Meiotic and somatic chromosomes were observed using methods from Masaki et al. (2024) and Chung (2024), respectively. For the meiotic chromosome observation of Mitratae species, immature male spikes were treated in a mixture of methanol, chloroform, and propionic acid at room temperature, then stored in 70% ethanol. To observe somatic chromosomes in sect. Siderostictae, active root tips were sampled in 0.002 M 8-hydroxiquinoline and fixed in a mixture of ethanol and glacial acetic acid (3:1). Fixed pollen and root cells were stained with 1% acetic-orcein and squashed. Meiotic and somatic chromosomes observed at ×1,000 magnification were drawn, photographed, and analyzed. At least three cells per individual were examined to determine chromosome numbers and variations. An optical microscope (Nikon Eclipse 50i, Nikon, Tokyo, Japan) was used for observation. Species identification followed Hoshino et al. (2011) and Park et al. (2016), and voucher specimens were housed in the herbarium of the Honam National Institute of Biological Resources (HIBR).

RESULTS AND DISCUSSION

Chromosomes of four Carex taxa were confirmed from twelve island populations in the west and southwest of South Korea (Table 1).
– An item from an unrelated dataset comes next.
(* Let $\varrho,\sigma$ be density operators on a finite-dimensional Hilbert space and $\alpha\in(0,1)$. Suppose $D_\alpha^{\mathrm{test}}(\varrho\|\sigma)=D_\alpha^{\mathrm{meas}}(\varrho\|\sigma)$. Then for every orthogonal projection $P$ attaining $\max_{P\text{ projection}}D_\alpha(\mathcal P(\varrho)\|\mathcal P(\sigma))$, with $P^\perp:=I-P$, \[ (\operatorname{Tr}\sigma P)P\varrho P=(\operatorname{Tr}\varrho P)P\sigma P,\qquad (\operatorname{Tr}\sigma P^\perp)P^\perp\varrho P^\perp=(\operatorname{Tr}\varrho P^\perp)P^\perp\sigma P^\perp. \] If moreover $\varrho\ne\sigma$, then $\varrho^0\le\sigma^0$ implies $P\sigma P\ne0$ and $P^\perp\sigma P^\perp\neq0$, and $\varrho^0\ge\sigma^0$ implies $P\varrho P\ne0$ and $P^\perp\varrho P^\perp\ne0$.
   Context: $A^0$ denotes the support projection of a PSD operator $A$. For probability vectors $p,q$ and $\alpha\in(0,1)$, $D_\alpha(p\|q)=\frac{1}{\alpha-1}\log\sum_xp(x)^\alpha q(x)^{1-\alpha}$. For an operator $0\le T\le I$, $\mathcal T(X):=(\operatorname{Tr}XT,\operatorname{Tr}X(I-T))$ (written $\mathcal P$ when $T=P$ is a projection). $D_\alpha^{\mathrm{test}}(\varrho\|\sigma):=\max_{0\le T\le I}D_\alpha(\mathcal T(\varrho)\|\mathcal T(\sigma))$, which equals the maximum of $D_\alpha(\mathcal P(\varrho)\|\mathcal P(\sigma))$ over projections $P$. For a finite-outcome POVM $M$, $\mathcal M(\varrho):=(\operatorname{Tr}M_x\varrho)_x$, and $D_\alpha^{\mathrm{meas}}(\varrho\|\sigma):=\sup_MD_\alpha(\mathcal M(\varrho)\|\mathcal M(\sigma))$. *)

theory Defs
  imports "HOL-Analysis.Analysis"
begin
Two Mitratae taxa, C. breviculmis and C. tristachya, had very small chromosomes, about 1 μm long, while two Siderostictae species, C. ciliatomarginata and C. siderosticta, displayed relatively large chromosomes with lengths ranging from 1.5 μm to 5.5 μm (Fig. 1). In the sect. Siderostictae, C. siderosticta showed two ploidy levels, diploidy and triploidy, and C. ciliatomarginata was only diploid.

Carex breviculmis R. Br. 청사초 (n = 34_II) (Fig. 1A) – Sect. Mitratae Kük.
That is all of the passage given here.